What I'm saying is true and Sergei hears it. I don't say anything about the photograph, I can't let him know I saw the shine in his eyes. He takes out two fifties from his back pocket, lines them up properly against each other.

“Maybe you're right, Irish bullhead,” he says. “Maybe you have a point.”

He puts all the notes back, one by one. Smoothes them, lines them up, and folds them inside the clip and puts the clip back inside the hood of the Florida State sweatshirt.

“You're the smart one, Irish bullhead. You're the brains, I'm only the pretty face.”

He sticks his tongue out and I stick my tongue out and that means things are back to normal, nearly normal. We get into bed again, leave the last drawer unchecked. He rolls over so I can't see his face but I can hear what he says.

“You know I was only joking about you being a coward. You know I didn't mean it.”

“I know.
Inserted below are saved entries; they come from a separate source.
lemma pairing_convol:
  assumes ax: "coassociative c" and x: "x \<in> Cset"
  shows "pairing (convol c q p) x = pairing q (contr_r (delta c x) p)"
proof -
  let ?G = "supp_hull c x"
  have finG: "finite ?G" by (rule finite_supp_hull[OF ax x])
  have "pairing (convol c q p) x = (\<Sum>m\<in>?G. convol c q p m * x m)"
    by (rule pairing_eq[OF finG supp_subset_hull])
  also have "\<dots> = (\<Sum>m\<in>?G. (\<Sum>b\<in>?G. q b * (\<Sum>l\<in>?G. p l * c m b l)) * x m)"
  proof (intro sum.cong refl)
    fix m
    show "convol c q p m * x m = (\<Sum>b\<in>?G. q b * (\<Sum>l\<in>?G. p l * c m b l)) * x m"
    proof (cases "x m = 0")
      case False
      then have "row c m \<subseteq> ?G"
        using row_subset_supp_rows[of x m c] supp_rows_subset_hull[of c x] by blast
      then show ?thesis using convol_eq[OF finG, of c m q p] by simp
    qed simp
  qed
  also have "\<dots> = (\<Sum>m\<in>?G. \<Sum>b\<in>?G. \<Sum>l\<in>?G. q b * (p l * (x m * c m b l)))"
    by (simp add: sum_distrib_left sum_distrib_right mult_ac)
  also have "\<dots> = (\<Sum>b\<in>?G. \<Sum>m\<in>?G. \<Sum>l\<in>?G. q b * (p l * (x m * c m b l)))"
    by (rule sum.swap)
  also have "\<dots> = (\<Sum>b\<in>?G. \<Sum>l\<in>?G. \<Sum>m\<in>?G. q b * (p l * (x m * c m b l)))"
    by (intro sum.cong refl sum.swap)
  also have "\<dots> = (\<Sum>b\<in>?G. q b * contr_r (delta c x) p b)"
    by (simp add: contr_r_delta[OF ax x] sum_distrib_left mult_ac)
  also have "\<dots> = pairing q (contr_r (delta c x) p)"
    by (rule pairing_eq[symmetric, OF finG subset_trans[OF contr_r_delta_supp[OF ax x] supp_rows_subset_hull]])
  finally show ?thesis .
qed

section \<open>Subcoalgebras and wedges\<close>

lemma tens_by_contr_r:
  assumes "lin_subspace U" "lin_subspace V" "lin_subspace X" "U \<subseteq> Cset" "V \<subseteq> Cset"
    "t \<in> tens U V" "\<And>p. contr_r t p \<in> X"
  shows "t \<in> tens (X \<inter> U) V"
proof -
  have "t \<in> ssum (tens (X \<inter> U) V) (tens U ({zerov} \<inter> V))"
    using assms lsub_zero_space lsub_zero[OF lsub_Cset]
    by (intro tens_annihilator_criterion) auto
  then show ?thesis by (simp add: zero_Int[OF assms(2)] tens_zero_right ssum_zero_right[OF lsub_tens])
qed

lemma tens_by_contr_l:
  assumes "lin_subspace U" "lin_subspace V" "lin_subspace X" "U \<subseteq> Cset" "V \<subseteq> Cset"
    "t \<in> tens U V" "\<And>p. contr_l p t \<in> X"
  shows "t \<in> tens U (X \<inter> V)"
proof -
  have "t \<in> ssum (tens U (X \<inter> V)) (tens ({zerov} \<inter> U) V)"
    using assms lsub_zero_space lsub_zero[OF lsub_Cset]
    by (intro tens_annihilator_criterion_left) auto
  then show ?thesis by (simp add: zero_Int[OF assms(1)] tens_zero_left ssum_zero_right[OF lsub_tens])
qed

lemma tens_by_vanishing_contr_l:
  assumes "lin_subspace U" "lin_subspace V" "lin_subspace Y" "U \<subseteq> Cset" "V \<subseteq> Cset" "Y \<subseteq> Cset"
    "t \<in> tens U V" "\<And>p. annihilates p Y \<Longrightarrow> contr_l p t = zerov"
  shows "t \<in> tens (Y \<inter> U) V"
proof -
  have "t \<in> ssum (tens U ({zerov} \<inter> V)) (tens (Y \<inter> U) V)"
    using assms lsub_zero_space by (intro tens_annihilator_criterion_left) auto
  then show ?thesis by (simp add: zero_Int[OF assms(2)] tens_zero_right ssum_zero_left[OF lsub_tens])
qed

text \<open>A vector lies in a subspace S as soon as all right contractions of its
  comultiplication do; this is where the counit is used.\<close>
lemma mem_by_contr_r_delta:
  assumes cu: "coalg c u" and S: "lin_subspace S" "S \<subseteq> Cset" and y: "y \<in> Cset"
    and contr: "\<And>p. contr_r (delta c y) p \<in> S"
  shows "y \<in> S"
proof -
  have "delta c y \<in> tens (S \<inter> Cset) Cset"
    using S contr Cset_tens_Cset[OF delta_Cset[OF coalg_coassociative[OF cu] y]] lsub_Cset
    by (intro tens_by_contr_r) auto
  then have "contr_r (delta c y) u \<in> S \<inter> Cset" by (rule contr_r_tens) (use S lsub_Int lsub_Cset in auto)
  then show ?thesis using counit_right[OF cu y] by simp
qed

lemma mem_by_vanishing_contr_l:
  assumes cu: "coalg c u" and A: "lin_subspace A" "A \<subseteq> Cset" and x: "x \<in> Cset"
    and vanish: "\<And>f. annihilates f A \<Longrightarrow> contr_l f (delta c x) = zerov"
  shows "x \<in> A"
proof -
  have "delta c x \<in> tens (A \<inter> Cset) Cset"
    using A vanish Cset_tens_Cset[OF delta_Cset[OF coalg_coassociative[OF cu] x]] lsub_Cset
    by (intro tens_by_vanishing_contr_l) auto
  then have "contr_r (delta c x) u \<in> A \<inter> Cset" by (rule contr_r_tens) (use A lsub_Int lsub_Cset in auto)
  then show ?thesis using counit_right[OF cu x] by simp
qed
I'm sorry if I hurt your arm.”

He fell asleep straightaway. Sergei can sleep anywhere, we joke that he can sleep standing up. But I lie here and I can't sleep. I'm back on the beach in Rush, the sand squishy cold under my toes at the edge of the water. It doesn't get deep for ages and I walk out really far before I have to stop because the bottom of my shorts gets wet. The others are way out. Susan Mulligan and Paula O'Brien are the furthest, specs above the sparkle on the waves. Lisa is closer in, with Aisling Begley and her sister, and their voices carry over the water, their laughter does.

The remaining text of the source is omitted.